The antecedents of the Helms-Burton are not reduced to the first half of the decade of the 90s of the 20th century, not even to all the acts against the country carried out and promoted after 1959. At this point we have to go back much further, from the Monroe Doctrine in 1823 and other dissimilar events.
5. What are the consequences for Cuba?
Its effects can not be expressed in figures, but they are huge as an attempt to submerge the population of the island in despair and create fear in investors and large companies around the world.
Many of the nationalized or expropriated properties are now hospitals, maternity homes, schools and other centers of popular benefit.
6. What legal instruments violate the Helms-Burton Law?
Attempts against freedom of trade and investment. It violates the laws and human rights of the Cuban people, the Constitution of the United States and several legal norms of that country; as well as numerous statutes of international law that regulate political, economic, commercial and financial relations between States.
7. Who rejects it?
It is repudiated by numerous nations, especially those that have economic relations with Cuba, including great powers such as China and Russia, and even US allies, where several businessmen are also against them.
8. Why has no US president implemented Title III?
The most elemental sanity made it remain only on paper, because of its broad extraterritorial nature. It is almost irrational to raise the possibility of suing before courts those who have business with companies and other Cuban properties, nationalized more than 50 years ago, as well as eliminate schools and hospitals to deliver the buildings to owners who in many cases no longer exist and they were exploiters and murderers. We recall that the process of nationalization here was carried out for very justified reasons of popular benefit and in compliance with international standards.
The previous leaders avoided its application by means of orders of temporary suspensions of six months. Doing so, applying it, could create conflicts with countries that have economic interests in the Caribbean island.
9. Why does Donald Trump threaten to apply this title III for the first time in history?
It is not isolated. It is part of the strategy against the entire left of the region. Cuba has received several recent actions, such as the withdrawal of US diplomats from the country for alleged sonic attacks, and the reduction of the validity period of B2 visas for Cuban nationals in the US, from five years with multiple entries to three months with one only opportunity to enter the North American territory.
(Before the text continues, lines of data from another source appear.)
(* Let $n\ge 3$. The maps $A,B,C,D,E$ defined below are injective, their images are faces of $\Delta_{n+1}$, and the set of faces of $\Delta_{n+1}$ is the disjoint union of the images of $A$, $B$, $C$, $D$, $E$. Moreover, for each fixed $i\in\{2,\dots,n\}$, the image $\{E(F,i):F\in\Delta_n\}$ equals the set of faces of $\Delta_{n+1}$ containing the vertex $\{i,n+1\}$, it is isomorphic as a poset (under inclusion) to the face poset of $\Delta_n$, and it is an upper order ideal in the face poset of $\Delta_{n+1}$.
   Context: The Whitehouse complex $\Delta_n$ ($n\ge 3$) is the simplicial complex with vertex set $V_n=\{S\subseteq\{2,\dots,n\}: 2\le |S|\le n-2\}$, in which a subset $F\subseteq V_n$ is a face iff for all $S,T\in F$ one has $S\subseteq T$, $T\subseteq S$, or $S\cap T=\emptyset$. (So $\Delta_3=\{\emptyset\}$.) Its face poset is the set of its faces (including $\emptyset$) ordered by inclusion. For a face $F$ of $\Delta_n$ define: $A(F)=F$; $B(F)=F\cup\{\{2,\dots,n\}\}$; for $S\in F$, $C(F,S)=\{T\cup\{n+1\}: T\in F, S\subseteq T\}\cup\{T: T\in F, S\not\subseteq T\}$ and $D(F,S)=C(F,S)\cup\{S\}$; for $2\le i\le n$, $E(F,i)=\{\{i,n+1\}\}\cup\{T\cup\{n+1\}: T\in F, i\in T\}\cup\{T: T\in F, i\notin T\}$. Here $A,B$ have domain the faces of $\Delta_n$, $C,D$ have domain the pairs $(F,S)$ with $F$ a face and $S\in F$, and $E$ has domain the pairs $(F,i)$ with $F$ a face and $2\le i\le n$. *)

theory Defs
  imports Main
begin

definition wh_vertices :: "nat \<Rightarrow> nat set set" where
  "wh_vertices n = {S. S \<subseteq> {2..n} \<and> 2 \<le> card S \<and> card S \<le> n - 2}"

definition wh_compatible :: "nat set \<Rightarrow> nat set \<Rightarrow> bool" where
  "wh_compatible S T \<longleftrightarrow> S \<subseteq> T \<or> T \<subseteq> S \<or> S \<inter> T = {}"

definition wh_faces :: "nat \<Rightarrow> nat set set set" where
  "wh_faces n = {F. F \<subseteq> wh_vertices n \<and> (\<forall>S\<in>F. \<forall>T\<in>F. wh_compatible S T)}"

definition mapA :: "nat set set \<Rightarrow> nat set set" where
  "mapA F = F"

definition mapB :: "nat \<Rightarrow> nat set set \<Rightarrow> nat set set" where
  "mapB n F = insert {2..n} F"

definition mapC :: "nat \<Rightarrow> nat set set \<Rightarrow> nat set \<Rightarrow> nat set set" where
  "mapC n F S = {insert (n+1) T | T. T \<in> F \<and> S \<subseteq> T} \<union> {T. T \<in> F \<and> \<not> S \<subseteq> T}"

definition mapD :: "nat \<Rightarrow> nat set set \<Rightarrow> nat set \<Rightarrow> nat set set" where
  "mapD n F S = insert S (mapC n F S)"

definition mapE :: "nat \<Rightarrow> nat set set \<Rightarrow> nat \<Rightarrow> nat set set" where
  "mapE n F i = {{i, n+1}} \<union> {insert (n+1) T | T. T \<in> F \<and> i \<in> T} \<union> {T. T \<in> F \<and> i \<notin> T}"
abbreviation complex_ring :: "complex ring" where
  "complex_ring \<equiv> ring_of_type_algebra"

lemma field_complex_ring: "field complex_ring"
  by (rule field_from_type_algebra)

lemma complex_ring_simps [simp]:
  "carrier complex_ring = UNIV" "mult complex_ring = (*)" "add complex_ring = (+)"
  "one complex_ring = 1" "zero complex_ring = 0"
  by (auto simp: ring_of_type_algebra_def)

lemma complex_ring_nat_pow [simp]: "x [^]\<^bsub>complex_ring\<^esub> (n::nat) = x ^ n"
  by (induct n) (simp_all add: nat_pow_def)

lemma complex_ring_a_inv [simp]: "a_inv complex_ring x = - x"
proof -
  interpret field complex_ring by (rule field_complex_ring)
  have "inv\<^bsub>add_monoid complex_ring\<^esub> x = - x"
    using add.inv_char[of x "- x"] by simp
  then show ?thesis by (simp add: a_inv_def)
qed

lemma complex_ring_m_inv [simp]: "x \<noteq> 0 \<Longrightarrow> m_inv complex_ring x = inverse x"
proof -
  interpret field complex_ring by (rule field_complex_ring)
  show "x \<noteq> 0 \<Longrightarrow> ?thesis" using inv_char[of x "inverse x"] by simp
qed

text \<open>\<open>ring.eval\<close> reads coefficient lists from the leading coefficient down.\<close>
lemma complex_ring_eval: "ring.eval complex_ring l x = poly (Poly (rev l)) x"
proof -
  interpret field complex_ring by (rule field_complex_ring)
  show ?thesis
  proof (induct l)
    case Nil
    then show ?case by simp
  next
    case (Cons a l)
    have "eval (a # l) x = a * x ^ length l + eval l x" by simp
    also have "\<dots> = poly (Poly (rev l @ [a])) x"
      by (simp add: Poly_append poly_monom Cons)
    finally show ?case by simp
  qed
qed

lemma subfield_Rats_complex_ring: "subfield \<rat> complex_ring"
proof -
  interpret field complex_ring by (rule field_complex_ring)
  show ?thesis by (rule subfieldI'[OF subringI]) auto
qed

lemma algebraic_imp_ring_algebraic:
  assumes "Polynomial.algebraic x"
  shows "(ring.algebraic complex_ring over \<rat>) x"
proof -
  interpret field complex_ring by (rule field_complex_ring)
  obtain p where p: "\<forall>i. poly.coeff p i \<in> \<rat>" "p \<noteq> 0" "poly p x = 0"
    using assms by (auto simp: algebraic_altdef)
  let ?l = "rev (coeffs p)"
  show ?thesis
  proof (rule algebraicI[of ?l])
    have "set ?l \<subseteq> \<rat>" using p(1) by (auto simp: coeffs_def)
    moreover have "hd ?l \<noteq> 0" using p(2) by (simp add: hd_rev last_coeffs_eq_coeff_degree)
    ultimately show "?l \<in> carrier (univ_poly complex_ring \<rat>)"
      by (simp add: univ_poly_def polynomial_def)
    show "?l \<noteq> []" using p(2) by simp
    show "eval ?l x = \<zero>\<^bsub>complex_ring\<^esub>" using p(3) by (simp add: complex_ring_eval)
  qed
qed

lemma ring_algebraic_imp_algebraic:
  assumes "(ring.algebraic complex_ring over \<rat>) x"
  shows "Polynomial.algebraic x"
proof -
  interpret field complex_ring by (rule field_complex_ring)
  obtain l where l: "l \<in> carrier (univ_poly complex_ring \<rat>)" "l \<noteq> []" "eval l x = 0"
    using algebraicE[OF subfieldE(1)[OF subfield_Rats_complex_ring] _ assms] by auto
  have l_Rats: "set l \<subseteq> \<rat>" and l_lead: "hd l \<noteq> 0"
    using l(1,2) by (auto simp: univ_poly_def polynomial_def)
  let ?p = "Poly (rev l)"
  show ?thesis
  proof (rule Polynomial.algebraicI')
    show "poly.coeff ?p i \<in> \<rat>" for i
      using l_Rats by (auto simp: nth_default_def) (metis nth_mem set_rev length_rev subsetD)
    have "poly.coeff ?p (length l - 1) = hd l"
      using l(2) by (simp add: nth_default_def rev_nth hd_conv_nth)
    then show "?p \<noteq> 0" using l_lead by (metis Polynomial.coeff_0)
    show "poly ?p x = 0" using l(3) by (simp add: complex_ring_eval)
  qed
qed

lemma subfield_Qbar: "subfield Qbar complex_ring"
proof -
  interpret field complex_ring by (rule field_complex_ring)
  have "Qbar = {x \<in> carrier complex_ring. (algebraic over \<rat>) x}"
    unfolding Qbar_def using algebraic_imp_ring_algebraic ring_algebraic_imp_algebraic by auto
  then show ?thesis using subfield_of_algebraics[OF subfield_Rats_complex_ring] by simp
qed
Trump may already be thinking about the elections of 2021, and tries to please the anti-Cuban sector, which includes several of his advisers.
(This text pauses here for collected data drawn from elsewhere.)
lemma perceptron_potential_add:
  assumes "\<eta> \<noteq> 0"
  shows "perceptron_potential \<eta> w (U + v) =
           perceptron_potential \<eta> w U - inner v w + \<eta> * inner U v + \<eta> / 2 * (norm v)\<^sup>2"
proof -
  have "(norm (w - \<eta> *\<^sub>R (U + v)))\<^sup>2 =
          (norm (w - \<eta> *\<^sub>R U))\<^sup>2 - 2 * \<eta> * inner v w + 2 * \<eta>\<^sup>2 * inner U v + \<eta>\<^sup>2 * (norm v)\<^sup>2"
    unfolding power2_norm_eq_inner
    by (simp add: inner_diff_left inner_diff_right inner_add_left inner_add_right inner_commute
        algebra_simps power2_eq_square)
  with assms show ?thesis
    by (simp add: perceptron_potential_def field_simps power2_eq_square)
qed

lemma perceptron_potential_expected_step:
  fixes x w U :: "'a::real_inner"
  assumes x: "norm x \<le> 1" and y: "y \<in> {-1, 1}" and margin: "1 \<le> y * inner w x"
    and U: "\<bar>inner U x\<bar> \<le> K * norm x" and K: "0 \<le> K"
    and \<mu>: "0 \<le> \<mu>" "\<mu> < 1/2" and \<eta>: "\<eta> = (1 - 2 * \<mu>) / (2 * K + 1)"
  shows "(1 - \<mu>) * perceptron_potential \<eta> w (U + y *\<^sub>R x)
           + \<mu> * perceptron_potential \<eta> w (U + (- y) *\<^sub>R x) + (1 - 2 * \<mu>) / 2
         \<le> perceptron_potential \<eta> w U"
proof -
  \<comment> \<open>Naming the products keeps them atomic, so that linarith can combine the estimates.\<close>
  define e where "e = 1 - 2 * \<mu>"
  define g where "g = y * inner w x"
  define h where "h = y * inner U x"
  define d where "d = \<eta> / 2 * (norm x)\<^sup>2"
  have "\<eta> > 0" using \<eta> \<mu> K by simp
  have y2: "y\<^sup>2 = 1" using y by auto
  have plus: "perceptron_potential \<eta> w (U + y *\<^sub>R x) = perceptron_potential \<eta> w U - g + \<eta> * h + d"
    using perceptron_potential_add[of \<eta> w U "y *\<^sub>R x"] \<open>\<eta> > 0\<close> y2
    by (simp add: g_def h_def d_def inner_commute power_mult_distrib)
  have minus: "perceptron_potential \<eta> w (U + (- y) *\<^sub>R x) = perceptron_potential \<eta> w U + g - \<eta> * h + d"
    using perceptron_potential_add[of \<eta> w U "(- y) *\<^sub>R x"] \<open>\<eta> > 0\<close> y2
    by (simp add: g_def h_def d_def inner_commute power_mult_distrib)
  have margin_term: "e \<le> e * g"
    using margin \<mu> by (simp add: e_def g_def)
  have drift_term: "\<eta> * (e * h) \<le> \<eta> * K"
  proof -
    have "h \<le> \<bar>inner U x\<bar>" using y by (auto simp: h_def)
    also have "\<dots> \<le> K" using U K x by (meson mult_left_le order.trans)
    finally have "e * h \<le> e * K"
      using \<mu> by (intro mult_left_mono) (auto simp: e_def)
    also have "\<dots> \<le> K"
      using \<mu> K by (intro mult_left_le_one_le) (auto simp: e_def)
    finally show ?thesis using \<open>\<eta> > 0\<close> by simp
  qed
  have curvature_term: "d \<le> \<eta> / 2"
    using \<open>\<eta> > 0\<close> x by (simp add: d_def mult_left_le power_le_one)
  have \<eta>_choice: "\<eta> * K + \<eta> / 2 = e / 2"
    using \<eta> K by (simp add: e_def field_simps)
  have "(1 - \<mu>) * perceptron_potential \<eta> w (U + y *\<^sub>R x)
          + \<mu> * perceptron_potential \<eta> w (U + (- y) *\<^sub>R x) + (1 - 2 * \<mu>) / 2
        = perceptron_potential \<eta> w U - e * g + \<eta> * (e * h) + d + e / 2"
    unfolding plus minus e_def by (simp add: algebra_simps)
  also have "\<dots> \<le> perceptron_potential \<eta> w U"
    using margin_term drift_term curvature_term \<eta>_choice by linarith
  finally show ?thesis .
qed

lemma borel_measurable_sgn_conv[measurable]: "sgn_conv c \<in> borel_measurable borel"
  unfolding sgn_conv_def by measurable

lemma pred_disagrees[measurable]:
  fixes f g :: "'b \<Rightarrow> 'a::euclidean_space"
  assumes [measurable]: "f \<in> borel_measurable N" "g \<in> borel_measurable N"
  shows "Measurable.pred N (\<lambda>s. disagrees c w1 w2 (f s) (g s))"
proof -
  have "(\<lambda>s. sgn_conv c (inner (w1 + f s) (g s))) \<in> borel_measurable N"
    "(\<lambda>s. sgn_conv c (inner (w2 + f s) (g s))) \<in> borel_measurable N"
    by measurable
  from borel_measurable_neq[OF this] show ?thesis
    by (simp add: disagrees_def pred_def)
qed

lemma borel_measurable_perceptron_potential[measurable]:
  fixes f :: "'b \<Rightarrow> 'a::euclidean_space"
  assumes [measurable]: "f \<in> borel_measurable N"
  shows "(\<lambda>s. perceptron_potential \<eta> w (f s)) \<in> borel_measurable N"
  unfolding perceptron_potential_def by (intro borel_measurable_divide) measurable

context
  fixes M :: "(('a::euclidean_space \<times> real) \<times> real) measure"
  assumes measurable_point[measurable]: "(\<lambda>z. fst (fst z)) \<in> borel_measurable M"
    and measurable_label[measurable]: "(\<lambda>z. snd (fst z)) \<in> borel_measurable M"
    and measurable_flip[measurable]: "(\<lambda>z. snd z) \<in> borel_measurable M"
begin

lemma borel_measurable_ubd_offset[measurable]:
  "{..<t} \<subseteq> I \<Longrightarrow> (\<lambda>s. ubd_offset c w1 w2 s t) \<in> borel_measurable (PiM I (\<lambda>_. M))"
proof (induction t)
  case (Suc t)
  then have [measurable]: "(\<lambda>s. ubd_offset c w1 w2 s t) \<in> borel_measurable (PiM I (\<lambda>_. M))" "t \<in> I"
    by (auto simp: lessThan_Suc)
  show ?case
    by (simp add: ubd_offset_step_def Let_def split_beta') measurable
qed simp

lemma borel_measurable_ubd_updates[measurable]:
  assumes "{..<t} \<subseteq> I"
  shows "(\<lambda>s. real (ubd_updates c w1 w2 s t)) \<in> borel_measurable (PiM I (\<lambda>_. M))"
proof -
  have [measurable]: "i \<in> I" "{..<i} \<subseteq> I" if "i < t" for i
    using assms that by auto
  show ?thesis
    unfolding ubd_updates_def ubd_tau_eq_disagrees of_nat_sum of_bool_def
    by (intro borel_measurable_sum) simp
qed

end

lemma nn_integral_flip_pmf:
  assumes "0 \<le> \<mu>" "\<mu> \<le> 1"
  shows "(\<integral>\<^sup>+ \<theta>. f \<theta> \<partial>measure_pmf (flip_pmf \<mu>)) = ennreal (1 - \<mu>) * f 1 + ennreal \<mu> * f (-1)"
proof -
  have "(\<integral>\<^sup>+ \<theta>. f \<theta> \<partial>measure_pmf (flip_pmf \<mu>)) =
          (\<Sum>b\<in>UNIV. f (if b then -1 else 1) * pmf (bernoulli_pmf \<mu>) b)"
    unfolding flip_pmf_def by (simp, intro nn_integral_measure_pmf_support) auto
  with assms show ?thesis
    by (simp add: UNIV_bool mult.commute add.commute)
qed

lemma nn_integral_PiM_lessThan_le:
  fixes F :: "nat \<Rightarrow> (nat \<Rightarrow> 'b) \<Rightarrow> ennreal"
  assumes "prob_space M"
    and meas: "\<And>n. F (Suc n) \<in> borel_measurable (PiM {..<Suc n} (\<lambda>_. M))"
    and step: "\<And>n x. (\<integral>\<^sup>+ y. F (Suc n) (x(n := y)) \<partial>M) \<le> F n x"
  shows "(\<integral>\<^sup>+ x. F n x \<partial>PiM {..<n} (\<lambda>_. M)) \<le> F 0 (\<lambda>_. undefined)"
proof (induction n)
  case 0
  then show ?case by (simp add: PiM_empty nn_integral_count_space_finite)
next
  case (Suc n)
  interpret product_sigma_finite "\<lambda>_. M"
    using assms(1) by (simp add: product_sigma_finite_def prob_space_imp_sigma_finite)
  have "(\<integral>\<^sup>+ x. F (Suc n) x \<partial>PiM {..<Suc n} (\<lambda>_. M))
        = (\<integral>\<^sup>+ x. \<integral>\<^sup>+ y. F (Suc n) (x(n := y)) \<partial>M \<partial>PiM {..<n} (\<lambda>_. M))"
    using meas[of n] unfolding lessThan_Suc by (intro product_nn_integral_insert) auto
  also have "\<dots> \<le> (\<integral>\<^sup>+ x. F n x \<partial>PiM {..<n} (\<lambda>_. M))"
    by (intro nn_integral_mono step)
  finally show ?case using Suc.IH by simp
qed

lemma measurable_noisy_sample:
  fixes D :: "('a::euclidean_space \<times> real) measure"
  assumes "sets D = sets borel"
  shows "(\<lambda>z. fst (fst z)) \<in> borel_measurable (D \<Otimes>\<^sub>M measure_pmf p)"
    and "(\<lambda>z. snd (fst z)) \<in> borel_measurable (D \<Otimes>\<^sub>M measure_pmf p)"
    and "(\<lambda>z. snd z) \<in> borel_measurable (D \<Otimes>\<^sub>M measure_pmf p)"
proof -
  have "fst \<in> borel_measurable D" "snd \<in> borel_measurable D"
    by (simp_all add: measurable_cong_sets[OF assms refl] flip: borel_prod)
  then show "(\<lambda>z. fst (fst z)) \<in> borel_measurable (D \<Otimes>\<^sub>M measure_pmf p)"
    "(\<lambda>z. snd (fst z)) \<in> borel_measurable (D \<Otimes>\<^sub>M measure_pmf p)"
    by (auto intro: measurable_compose[OF measurable_fst])
qed (rule measurable_compose[OF measurable_snd], simp)

lemma AE_margin_ge_one:
  fixes D :: "('a::euclidean_space \<times> real) measure"
  assumes "sets D = sets borel" and "emeasure D {z. snd z * inner w (fst z) < 1} = 0"
  shows "AE z in D. 1 \<le> snd z * inner w (fst z)"
proof (rule AE_I')
  have [measurable]: "fst \<in> borel_measurable D" "snd \<in> borel_measurable D"
    by (simp_all add: measurable_cong_sets[OF assms(1) refl] flip: borel_prod)
  have "{z \<in> space D. snd z * inner w (fst z) < 1} \<in> sets D"
    by measurable
  then have "{z. snd z * inner w (fst z) < 1} \<in> sets D"
    using sets_eq_imp_space_eq[OF assms(1)] by simp
  then show "{z. snd z * inner w (fst z) < 1} \<in> null_sets D"
    by (rule null_setsI[OF assms(2)])
qed auto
10. What alternatives does Cuba have to continue with its economic development plans in such a complex context?
Of course, this whole situation has an economic effect, but another Special Period is impossible here. The country has strong commercial relationships and long-term investment projects with multiple nations.
The new Constitution, the steps taken as part of the Plan of the Economy until 2030, the Guidelines for the Economic and Social Policy of the Party and the Revolution, the internal infrastructure, and other actions within the country create a very different scenario now from that of that prior moment.
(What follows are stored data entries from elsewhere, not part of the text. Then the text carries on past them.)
lemma Stot_measurable:
  assumes T: "underlying_tree N E"
    and Delta: "\<And>w. w \<in> {1..N} \<Longrightarrow> Delta N E lam D0 Om n w
      \<in> borel_measurable (sigmaA M D0 Om (ne_union {Mminus E w, ({w}, {})}))"
  shows "Stot N E lam D0 Om n v \<in> borel_measurable (sigmaA M D0 Om (Mminus E v))"
proof -
  have "Sedge N E lam D0 Om n w v \<in> borel_measurable (sigmaA M D0 Om (Mminus E v))" for w
  proof (cases "(w, v) \<in> E")
    case True
    then have "w \<in> {1..N}" using T unfolding underlying_tree_def by blast
    then show ?thesis
      using measurable_sigmaA_mono[OF upstream_of_edge_subset_Mminus[OF T True]
          Sedge_measurable[OF True Delta]] by blast
  qed (simp add: Sedge_def[abs_def] Ind_def)
  then show ?thesis unfolding Stot_def[abs_def] by (rule borel_measurable_sum)
qed

lemma Delta_measurable:
  assumes T: "underlying_tree N E" and "v \<in> {1..N}"
  shows "Delta N E lam D0 Om n v
    \<in> borel_measurable (sigmaA M D0 Om (ne_union {Mminus E v, ({v}, {})}))"
  using \<open>v \<in> {1..N}\<close>
proof (induction n arbitrary: v)
  case 0
  show ?case by (auto intro!: D0_measurable_sigmaA simp: ne_union_def)
next
  case (Suc n)
  let ?A = "ne_union {Mminus E v, ({v}, {})}"
  have "Stot N E lam D0 Om n v \<in> borel_measurable (sigmaA M D0 Om ?A)"
    by (rule measurable_sigmaA_mono[OF ne_subset_ne_union Stot_measurable[OF T Suc.IH]]) auto
  moreover have "D0 v \<in> borel_measurable (sigmaA M D0 Om ?A)"
    by (rule D0_measurable_sigmaA) (simp add: ne_union_def)
  ultimately have "(\<lambda>\<omega>. D0 v \<omega> - Stot N E lam D0 Om n v \<omega>) \<in> borel_measurable (sigmaA M D0 Om ?A)"
    by measurable
  then show ?case by (simp add: Delta_Suc_Stot[abs_def])
qed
In 1990, for example, tourism began to be defined as a promising economic sphere that received about 340 thousand foreigners that year.
Today, the development in that area is much greater, with several million visitors each year. To that we can add the export of services at present, the progress of Biotechnology and the Pharmaceutical Industry, the diversification of energy sources, which previously depended totally on fuel, and many other factors.
We must all be aware that progress will always depend, to a large extent, on ourselves and our ability to produce, save and build a future of progress. Cuba remains a benchmark in international politics, with a strong and prestigious diplomacy, essential elements to find alternatives at the global level, without ever forgetting the essentials.